After failing to reach the finals for the next three seasons, Peard joined Graeme Langlands at St. George in 1972 and stayed for two seasons.

In 1974 Peard, along with coach Jack Gibson, rejoined the Eastern Suburbs club for one of the most successful periods in the club's history. He was a key figure for Easts, winning back to back premierships in 1974 and 1975, and they were also a winner of mid-week and pre-season cups. In Easts 38–0, 1975 premiership victory over St George, Peard kicked 7 goals. At the end of the 1975 season Peard was selected to represent Australia in that year's Rugby League World Cup, scoring a try in Australia's 25-0 thumping of England at Headingley in Leeds.

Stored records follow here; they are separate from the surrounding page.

lemma lcoset_cong_subgroup_eq_iff:
  fixes A B :: "'a::comm_ring_1^'n::finite^'n"
  assumes "det A = 1" "det B = 1"
  shows "lcoset A (cong_subgroup q) = lcoset B (cong_subgroup q) \<longleftrightarrow> mat_dvd q (A - B)"
proof
  assume "lcoset A (cong_subgroup q) = lcoset B (cong_subgroup q)"
  moreover have "A \<in> lcoset A (cong_subgroup q)"
    using mat_1_in_cong_subgroup by (force simp: lcoset_def)
  ultimately obtain k where k: "k \<in> cong_subgroup q" "A = B ** k" by (auto simp: lcoset_def)
  then have "A - B = B ** (k - mat 1)" by (simp add: matrix_diff_ldistrib)
  then show "mat_dvd q (A - B)" using k(1) by (simp add: cong_subgroup_iff mat_dvd_mult_left)
next
  assume dvd: "mat_dvd q (A - B)"
  define k where "k = adjugate B ** A"
  have "k - mat 1 = adjugate B ** (A - B)"
    by (simp add: k_def matrix_diff_ldistrib adjugate_det_one(2)[OF assms(2)])
  moreover have "det k = 1" using assms adjugate_det_one(3)[OF assms(2)] by (simp add: k_def det_mul)
  ultimately have "k \<in> cong_subgroup q" using dvd by (simp add: cong_subgroup_iff mat_dvd_mult_left)
  moreover have "A = B ** k"
    by (simp add: k_def matrix_mul_assoc adjugate_det_one(1)[OF assms(2)])
  ultimately show "lcoset A (cong_subgroup q) = lcoset B (cong_subgroup q)"
    by (simp add: lcoset_mult_cong_subgroup)
qed

lemma central_ext_cong_subgroup_iff:
  "central_ext (cong_subgroup q :: ('a::comm_ring_1^'n::finite^'n) set) (cong_subgroup q')
     (cong_subgroup Q) \<longleftrightarrow>
   (\<forall>x\<in>cong_subgroup q'. \<forall>y\<in>cong_subgroup q. mat_dvd Q (x ** y - y ** x :: 'a^'n^'n))"
proof -
  have det: "det (x ** y) = 1"
    if "x \<in> cong_subgroup q1" "y \<in> cong_subgroup q2" for x y :: "'a^'n^'n" and q1 q2
    using that by (simp add: cong_subgroup_iff det_mul)
  have iff: "lcoset (x ** y) (cong_subgroup Q) = lcoset (y ** x) (cong_subgroup Q) \<longleftrightarrow>
      mat_dvd Q (x ** y - y ** x)"
    if "x \<in> cong_subgroup q'" "y \<in> cong_subgroup q" for x y :: "'a^'n^'n"
    using det[OF that] det[OF that(2,1)] by (rule lcoset_cong_subgroup_eq_iff)
  show ?thesis unfolding central_ext_def by (simp add: iff)
qed

lemma commutator_cong_subgroup_mat_dvd:
  fixes x y :: "'a::comm_ring_1^'n::finite^'n"
  assumes "x \<in> cong_subgroup q'" "y \<in> cong_subgroup q"
  shows "mat_dvd (q' * q) (x ** y - y ** x)"
proof -
  have x: "mat_dvd q' (x - mat 1)" and y: "mat_dvd q (y - mat 1)"
    using assms cong_subgroup_iff by blast+
  have "mat_dvd (q' * q) ((x - mat 1) ** (y - mat 1))" using x y by (rule mat_dvd_mult)
  moreover have "mat_dvd (q' * q) ((y - mat 1) ** (x - mat 1))"
    using mat_dvd_mult[OF y x] by (simp only: mult.commute)
  ultimately show ?thesis by (subst matrix_commutator_eq) (rule mat_dvd_diff)
qed

lemma central_ext_cong_subgroupI:
  assumes "Q dvd q' * q"
  shows "central_ext (cong_subgroup q :: ('a::comm_ring_1^'n::finite^'n) set) (cong_subgroup q')
           (cong_subgroup Q)"
  unfolding central_ext_cong_subgroup_iff
  by (intro ballI mat_dvd_dvd[OF assms] commutator_cong_subgroup_mat_dvd)

definition transvection :: "'n::finite \<Rightarrow> 'n \<Rightarrow> 'a::comm_ring_1 \<Rightarrow> 'a^'n^'n" where
  "transvection i j c =
     (\<chi> k. if k = i then row i (mat 1) + c *s row j (mat 1) else row k (mat 1))"

lemma det_transvection: "i \<noteq> j \<Longrightarrow> det (transvection i j c) = 1"
  unfolding transvection_def using det_row_operation[of i j "mat 1" c] by simp

lemma transvection_minus_mat_1:
  "i \<noteq> j \<Longrightarrow> transvection i j c $ a $ b - mat 1 $ a $ b = (if a = i \<and> b = j then c else 0)"
  by (auto simp: transvection_def row_def mat_def)

lemma transvection_in_cong_subgroup:
  assumes "i \<noteq> j" "(of_nat q :: 'a::comm_ring_1) dvd c"
  shows "(transvection i j c :: 'a^'n::finite^'n) \<in> cong_subgroup q"
  using assms by (simp add: cong_subgroup_iff det_transvection mat_dvd_def transvection_minus_mat_1)

lemma transvection_commutator_diag:
  assumes "i \<noteq> j"
  shows "(transvection i j a ** transvection j i b - transvection j i b ** transvection i j a) $ i $ i
           = a * b"
proof -
  have "((transvection i j a - mat 1) ** (transvection j i b - mat 1)) $ i $ i = a * b"
    using assms by (simp add: matrix_matrix_mult_def transvection_minus_mat_1 if_distrib cong: if_cong)
  moreover have "((transvection j i b - mat 1) ** (transvection i j a - mat 1)) $ i $ i = 0"
    using assms by (simp add: matrix_matrix_mult_def transvection_minus_mat_1)
  ultimately show ?thesis by (subst matrix_commutator_eq) simp
qed

lemma central_ext_cong_subgroupD:
  assumes "CARD('n::finite) \<ge> 2"
    and "central_ext (cong_subgroup q :: ('a::comm_ring_1^'n^'n) set) (cong_subgroup q')
           (cong_subgroup Q)"
  shows "(of_nat Q :: 'a) dvd of_nat (q' * q)"
proof -
  obtain i j :: 'n where "i \<noteq> j"
    using assms(1) card_le_Suc0_iff_eq[of "UNIV :: 'n set"] by auto
  let ?x = "transvection i j (of_nat q') :: 'a^'n^'n" and ?y = "transvection j i (of_nat q)"
  have "?x \<in> cong_subgroup q'" "?y \<in> cong_subgroup q"
    using \<open>i \<noteq> j\<close> by (auto intro: transvection_in_cong_subgroup)
  then have "mat_dvd Q (?x ** ?y - ?y ** ?x)"
    using assms(2) unfolding central_ext_cong_subgroup_iff by blast
  then have "(of_nat Q :: 'a) dvd (?x ** ?y - ?y ** ?x) $ i $ i" by (simp only: mat_dvd_def)
  also have "(?x ** ?y - ?y ** ?x) $ i $ i = of_nat (q' * q)"
    by (simp only: transvection_commutator_diag[OF \<open>i \<noteq> j\<close>] of_nat_mult)
  finally show ?thesis .
qed

theorem lemma7p1:
  fixes p r s l :: nat
  assumes "free_abelian_ring TYPE('a::comm_ring_1)"
    and "CARD('n::finite) \<ge> 2"
    and "prime p"
    and "r \<ge> 1" and "s \<ge> 1" and "l \<ge> 1" and "l \<le> s"
  shows "central_ext (cong_subgroup (p ^ r) :: ('a^'n^'n) set)
            (cong_subgroup (p ^ (r + s - l)))
            (cong_subgroup (p ^ (r + s)))
         \<longleftrightarrow> r \<ge> l"
proof
  assume "central_ext (cong_subgroup (p ^ r) :: ('a^'n^'n) set)
    (cong_subgroup (p ^ (r + s - l))) (cong_subgroup (p ^ (r + s)))"
  then have "(of_nat (p ^ (r + s)) :: 'a) dvd of_nat (p ^ (r + s - l) * p ^ r)"
    by (rule central_ext_cong_subgroupD[OF assms(2)])
  then have "p ^ (r + s) dvd p ^ (r + s - l + r)"
    unfolding free_abelian_ring_of_nat_dvd_iff[OF assms(1)] by (simp add: power_add)
  then have "r + s \<le> r + s - l + r"
    using prime_gt_1_nat[OF \<open>prime p\<close>] by (rule power_dvd_imp_le)
  then show "r \<ge> l" using \<open>l \<le> s\<close> by simp
next
  assume "r \<ge> l"
  then have "p ^ (r + s) dvd p ^ (r + s - l) * p ^ r"
    using \<open>l \<le> s\<close> by (simp add: le_imp_power_dvd flip: power_add)
  then show "central_ext (cong_subgroup (p ^ r) :: ('a^'n^'n) set)
    (cong_subgroup (p ^ (r + s - l))) (cong_subgroup (p ^ (r + s)))"
    by (rule central_ext_cong_subgroupI)
qed

end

Peard joined the Parramatta Eels in 1976 and was named 'player of the year' that season, helping the club to its first ever Grand Final appearance where they faced one of the power teams of the 1970s, Manly-Warringah. His "bomb" came into play early in the Grand Final as Manly winger Tom Mooney dropped a bomb over his tryline leading to a try by Eels winger Jim Porter. Unfortunately for Peard and Parramatta, the club's first premiership eluded them as Manly ran out 13–10 winners.

Parramatta made their second Grand Final in succession in 1977, this time facing Peard's former team St. George. It was to be the first drawn Grand Final in premiership history with the scores locked at 9–9 at full time. The replay was a disaster for the Parramatta club as St. George ran riot, winning 22–0.

By 1978, injuries had begun to take their toll and Peard retired at the end of the 1979 season.

==Post-playing career==
Peard moved on to coach Parramatta, Penrith Panthers, and became the coach of New South Wales for the 1988 State of Origin series, in which NSW lost the series 3-0 despite having home ground advantage for the first time since the Origin concept became a series in 1982. His tenure lasted just one series as he was sacked following the Blues' whitewash series defeat, leaving him the least successful coach in State of Origin history.

Peard was later the assistant coach, then officially the first grade 'co-coach' alongside Mark Murray at the Sydney Roosters during 1993–94.

Peard also worked for the ABC as a rugby league commentator, most notably alongside Warren Boland and Arthur Beetson. This usually involved being the sideline caller of Saturday afternoon NSWRL games, for which the ABC had the live TV coverage rights for decades until the advent of the Super League War in 1995. Peard was famous for his humorous rapport with Boland, and in particular former teammate Beetson.

Peard is a life member of the Eastern Suburbs club. The John Peard Cup, which commenced in 2004, was named in his honour.

Peard suffered a life-threatening stroke in 2002 and he documents his rehabilitation in his autobiography Fine Thanks Mate: John 'The Bomber' Peard on Football, Life and Second Chances, released in April 2007. As part of the book promotion he appeared on The NRL Sunday Footy Show on 1 April 2007.